With the much appreciated help of @Blownhither Ma, the code now looks like this:

import time, datetime
import numpy as np
from multiprocessing import Pool

def calculate(array):
    return array * 2

if __name__ == '__main__':
    start = time.time()
    CORES = 4
    BLOCKSIZE = 100
    ARRAY = np.ones((4000, 4000, 4))
    pool = Pool(processes=CORES)
    in_shape = (ARRAY.shape[0] * ARRAY.shape[1], ARRAY.shape[2])
    input_array = ARRAY[:, :, :ARRAY.shape[2]].reshape(in_shape)
    result_array = np.zeros(input_array.shape)
    # do it
    pix_count = ARRAY.size
    handles = []
    for position in range(0, pix_count, BLOCKSIZE):
        if position + BLOCKSIZE < ARRAY.shape[0] * ARRAY.shape[1]:
            num = BLOCKSIZE
        else:
            num = pix_count - position
        ### OLD APPROACH WITH NO PARALLELIZATION ###
        # part = calculate(input_array[position:position + num, :])
        # result_array[position:position + num] = part
        ### NEW APPROACH WITH PARALLELIZATION ###
        handle = pool.apply_async(func=calculate, args=(input_array[position:position + num, :],))
        handles.append(handle)
    # finalize result
    ### OLD APPROACH WITH NO PARALLELIZATION ###
    # final_result = result_array.reshape(ARRAY.shape)
    ### NEW APPROACH WITH PARALLELIZATION ###
    final_result = [h.get() for h in handles]
    final_result = np.concatenate(final_result, axis=0)
    print 'Done!\nDuration (hh:mm:ss): {duration}'.format(duration=datetime.timedelta(seconds=time.time() - start))

The code runs and really starts the number processes I assigned, but takes much much longer than the old approach with just using the loop "as-is" (3 sec compared to 1 min). There must be something missing here.

Blownhither Ma · Accepted Answer · 2019-09-21T10:32:36.803

1

The core function is pool.apply_async and handler.get.

I have been recently working on the same functions and find it useful to make a standard utility function. balanced_parallel applies function fn on matrix a in a parallel manner silently. assigned_parallel explicitly apply function on each element.
i. The way I split array is np.array_split. You may use block scheme instead.
ii. I use concat rather than assign to a empty matrix when collecting result. There is no shared memory.

from multiprocessing import cpu_count, Pool

def balanced_parallel(fn, a, processes=None, timeout=None):
    """ apply fn on slice of a, return concatenated result """
    if processes is None:
        processes = cpu_count()
    print('Parallel:\tstarting {} processes on input with shape {}'.format(processes, a.shape))
    results = assigned_parallel(fn, np.array_split(a, processes), timeout=timeout, verbose=False)
    return np.concatenate(results, 0)


def assigned_parallel(fn, l, processes=None, timeout=None, verbose=True):
    """ apply fn on each element of l, return list of results """
    if processes is None:
        processes = min(cpu_count(), len(l))
    pool = Pool(processes=processes)
    if verbose:
        print('Parallel:\tstarting {} processes on {} elements'.format(processes, len(l)))

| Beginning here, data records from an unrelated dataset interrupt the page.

lemma elem_set_ray:
  assumes "\<forall>s\<in>S. p s \<in> dual_ball" "y \<in> elem_set \<gamma> S p" "\<forall>s\<in>S. p s \<bullet> d = \<gamma> d" "0 \<le> t"
  shows "y + t *\<^sub>R d \<in> elem_set \<gamma> S p"
  unfolding elem_set_iff[OF assms(1)]
proof
  fix s assume s: "s \<in> S"
  have "p s \<in> subgrad (y - s)" using assms(1,2) s elem_set_iff by blast
  then have "p s \<bullet> (y + t *\<^sub>R d - s) = \<gamma> (y - s) + t * \<gamma> d"
    using assms(3) s by (simp add: subgrad_def inner_diff_right inner_add_right)
  moreover have "\<gamma> (y + t *\<^sub>R d - s) \<le> \<gamma> (y - s) + t * \<gamma> d"
    using triangle[of "y - s" "t *\<^sub>R d"] assms(4) by (simp add: homogeneous algebra_simps)
  moreover have "p s \<bullet> (y + t *\<^sub>R d - s) \<le> \<gamma> (y + t *\<^sub>R d - s)"
    using assms(1) s unfolding dual_ball_def by blast
  ultimately show "p s \<in> subgrad (y + t *\<^sub>R d - s)" using assms(1) s unfolding subgrad_def by simp
qed

section \<open>Optimality condition for Fermat--Weber points\<close>

lemma FW_point_descent:
  assumes "finite S" "\<forall>s\<in>S. 0 \<le> u s" "is_FW_point \<gamma> S u x" "0 < t"
    and q: "\<forall>s\<in>S. q s \<in> subgrad (x - s + t *\<^sub>R d)"
  shows "0 \<le> (\<Sum>s\<in>S. u s * (q s \<bullet> d))"
proof -
  have "\<gamma> (x + t *\<^sub>R d - s) = q s \<bullet> (x - s) + t * (q s \<bullet> d)" if "s \<in> S" for s
  proof -
    have "\<gamma> (x + t *\<^sub>R d - s) = \<gamma> (x - s + t *\<^sub>R d)" by (simp add: algebra_simps)
    also have "\<dots> = q s \<bullet> (x - s + t *\<^sub>R d)" using q that by (simp add: subgrad_def)
    also have "\<dots> = q s \<bullet> (x - s) + t * (q s \<bullet> d)" by (simp add: inner_add_right)
    finally show ?thesis .
  qed
  then have "fw_objective \<gamma> S u (x + t *\<^sub>R d) = (\<Sum>s\<in>S. u s * (q s \<bullet> (x - s) + t * (q s \<bullet> d)))"
    unfolding fw_objective_def by simp
  also have "\<dots> \<le> (\<Sum>s\<in>S. u s * (\<gamma> (x - s) + t * (q s \<bullet> d)))"
    using assms(2) q by (intro sum_mono mult_left_mono) (auto simp: subgrad_def dual_ball_def)
  also have "\<dots> = fw_objective \<gamma> S u x + t * (\<Sum>s\<in>S. u s * (q s \<bullet> d))"
    unfolding fw_objective_def by (simp add: algebra_simps sum.distrib sum_distrib_left)
  finally show ?thesis
    using assms(3,4) unfolding is_FW_point_def by (smt (verit) zero_le_mult_iff)
qed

    # add jobs to the pool
    handler = [pool.apply_async(fn, args=x if isinstance(x, tuple) else (x, )) for x in l]

    # pool running, join all results
    results = [handler[i].get(timeout=timeout) for i in range(len(handler))]

    pool.close()
    return results

In your case, fn would be

def _fn(matrix_part): return matrix_part * 2
result = balanced_parallel(_fn, img)

Follow-up: Your loop should look like this to make parallelization happen.

handles = []
for position in range(0, pix_count, BLOCKSIZE):
    if position + BLOCKSIZE < ARRAY.shape[0] * ARRAY.shape[1]:
        num = BLOCKSIZE
    else:
        num = pix_count - position
    handle = pool.apply_async(func=calculate, args=(input_array[position:position + num, :], ))
    handles.append(handle)

# multiple handlers exist at this moment!! Don't `.get()` yet
results = [h.get() for h in handles]
results = np.concatenate(results, axis=0)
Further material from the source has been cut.